Kai Harada (JPN, 22):
leggero e dinamico come un ninja, Kai fa della versatilità il suo punto di forza. Riesce bene nella sua disciplina preferita, il boulder, ma quando si lega sono guai. Un pelo meno a suo agio nella speed, sappiamo che si sta allenando molto bene anche su quello...
Janja Garnbret (SLO, 21):
la favorita, la scalata fatta persona. Titoli su titoli su titoli. Poche sono state in grado di metterle i bastoni tra le ruote, nessuna nell’anno in cui ha vinto tutte le gare di coppa del mondo boulder.

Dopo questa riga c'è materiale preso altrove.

(* Let $p>\frac{3d}{d+2}$, let $\tilde\sigma_c:Y\to Y$ be a given map (constitutive law), and let $\mathcal{D}=\{(\epsilon,\tilde\sigma)\in Y\times Y:\tilde\sigma=\tilde\sigma_c(\epsilon)\}$. Assume that $\operatorname{dist}(\cdot,\mathcal{D})$ is $(p,q)$-coercive. Define on $V$ $$I(v)=\begin{cases}\int_\Omega\operatorname{dist}(v,\mathcal{D})\,dx,&v\in\mathcal{C}_{\mathrm{nl}},\\+\infty,&\text{else},\end{cases}\qquad I^*(v)=\begin{cases}\int_\Omega\mathcal{Q}_{\mathcal{A}}\operatorname{dist}(v,\mathcal{D})\,dx,&v\in\mathcal{C}_{\mathrm{nl}},\\+\infty,&\text{else}.\end{cases}$$ Suppose the system has a weak solution, i.e. $\min_{v\in\mathcal{C}_{\mathrm{nl}}}I(v)=0$. Then a function $v^*\in\mathcal{C}_{\mathrm{nl}}$ is a minimiser of $I^*$ if and only if $v^*(x)\in\{z\in Y\times Y:\mathcal{Q}_{\mathcal{A}}\operatorname{dist}(z,\mathcal{D})=0\}$ for almost every $x\in\Omega$. Moreover, if $\{z:\mathcal{Q}_{\mathcal{A}}\operatorname{dist}(z,\mathcal{D})=0\}=\mathcal{D}$, then every such $v^*=(\epsilon,\tilde\sigma)$ is a weak solution, i.e. $v^*\in\mathcal{C}_{\mathrm{nl}}$ and $\tilde\sigma=\tilde\sigma_c(\epsilon)$ a.e. in $\Omega$.
   Context: $d\ge2$, $1<p<\infty$, $q=p/(p-1)$, $Y=\{A\in\mathbb{R}^{d\times d}:A=A^T,\operatorname{tr}A=0\}$ with Frobenius product and norm. $\operatorname{dist}((\epsilon_1,\tilde\sigma_1),(\epsilon_2,\tilde\sigma_2))=\frac1p|\epsilon_1-\epsilon_2|^p+\frac1q|\tilde\sigma_1-\tilde\sigma_2|^q$, $\operatorname{dist}(z,\mathcal{D})=\inf_{w\in\mathcal{D}}\operatorname{dist}(z,w)$. A function $F:Y\times Y\to\mathbb{R}$ is $(p,q)$-coercive if there are $C_1,C_2>0$, $\gamma\in\mathbb{R}$ with $F(\epsilon,\tilde\sigma)\ge C_1(|\epsilon|^p+|\tilde\sigma|^q)-C_2-\gamma\,\epsilon\cdot\tilde\sigma$. $\Omega\subset\mathbb{R}^d$ bounded, simply connected, open, $C^1$ boundary with outer normal $\nu$; $V=L_p(\Omega;Y)\times L_q(\Omega;Y)$; $\partial\Omega$ is the closure of $\Gamma_D\cup\Gamma_R$ for disjoint relatively open $C^1$ pieces with $\mathcal{H}^{d-1}$-null relative boundaries (no Neumann part). Data $f\in W^{-1}_q(\Omega;\mathbb{R}^d)$, $g\in W^{1-1/p}_p(\Gamma_D;\mathbb{R}^d)$, $g_\nu\in W^{1-1/p}_p(\Gamma_R)$, $h_\tau\in W^{-1/q}_q(\Gamma_R;\mathbb{R}^d)$, $\lambda\ge0$, $P_T$ tangential projection. $\mathcal{C}_{\mathrm{nl}}$ is the set of $(\epsilon,\tilde\sigma)\in V$ for which there exist $u\in W^1_p(\Omega;\mathbb{R}^d)$, $\pi\in L_q(\Omega)$ with $\epsilon=\frac12(\nabla u+\nabla u^T)$, $\operatorname{div}u=0$, $-\operatorname{div}\tilde\sigma=f-\nabla\pi-(u\cdot\nabla)u$ in $W^{-1}_q$, $u=g$ on $\Gamma_D$, $u\cdot\nu=g_\nu$ and $P_T(\tilde\sigma\nu+\lambda u)=h_\tau$ on $\Gamma_R$. $\mathcal{Q}_{\mathcal{A}}F(z)=\inf_{\psi\in\mathcal{T}}\int_{\mathbb{T}_d}F(z+\psi)$ where $\mathcal{T}$ consists of $\psi=(\psi_1,\psi_2)\in C^\infty(\mathbb{T}_d;Y\times Y)$ with zero mean, $\partial_{ij}(\psi_1)_{kl}+\partial_{kl}(\psi_1)_{ij}-\partial_{il}(\psi_1)_{kj}-\partial_{kj}(\psi_1)_{il}=0$ for all $i,j,k,l$, and $\operatorname{div}(\psi_2-\pi\mathrm{Id})=0$ for some smooth $\pi$. *)

theory Defs
  imports "HOL-Analysis.Analysis"
begin

type_synonym 'd mat = "real^'d^'d"

text \<open>Y: symmetric trace-free d x d matrices (the norm / inner product on real^'d^'d
  is the Frobenius one).\<close>
definition Ysp :: "'d::finite mat set" where
  "Ysp = {A. transpose A = A \<and> trace A = 0}"

definition conjexp :: "real \<Rightarrow> real" where
  "conjexp p = p / (p - 1)"

definition dist_pq :: "real \<Rightarrow> ('d::finite mat \<times> 'd mat) \<Rightarrow> ('d mat \<times> 'd mat) \<Rightarrow> real" where
  "dist_pq p z w = (1/p) * norm (fst z - fst w) powr p
                 + (1/conjexp p) * norm (snd z - snd w) powr (conjexp p)"

definition Dset :: "('d::finite mat \<Rightarrow> 'd mat) \<Rightarrow> ('d mat \<times> 'd mat) set" where
  "Dset sc = {(e, sc e) | e. e \<in> Ysp}"

definition distD :: "real \<Rightarrow> ('d::finite mat \<Rightarrow> 'd mat) \<Rightarrow> ('d mat \<times> 'd mat) \<Rightarrow> real" where
  "distD p sc z = Inf {dist_pq p z w | w. w \<in> Dset sc}"

definition pq_coercive :: "real \<Rightarrow> ('d::finite mat \<times> 'd mat \<Rightarrow> real) \<Rightarrow> bool" where
  "pq_coercive p F \<longleftrightarrow> (\<exists>C1>0. \<exists>C2>0. \<exists>\<gamma>::real. \<forall>e\<in>Ysp. \<forall>s\<in>Ysp.
      F (e, s) \<ge> C1 * (norm e powr p + norm s powr (conjexp p)) - C2 - \<gamma> * (e \<bullet> s))"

Il suo punto forte? Non cade praticamente mai.
Akiyo Noguchi (JPN, 32):
l’imperatrice giapponese. Una delle atlete più longeve, concluderà la sua carriera a Tokyo, in casa. Ha vinto tanto, ha segnato un’epoca, ha fatto di se stessa l’esempio da seguire. Con il suo addio alle gare finirà un’era: scommettiamo che saluterà col botto?
Shauna Coxsey (GBR, 28):
the Queen. Calma e letale, il segreto di Shauna è la sicurezza. Quando si chiude i velcri delle scarpette raramente sbaglia. Questo l’ha portata ad una serie infinita di successi nel boulder, prima di mettersi in gioco nella combinata. Anche lei lascerà le gare a Tokyo e, conoscendola, non andrà in Giappone tanto per partecipare...
Aleksandra Miroslaw (POL, 27): la donna da battere nella speed, farà sicuramente della sua disciplina il suo punto vincente, visto anche il brillante inizio stagione.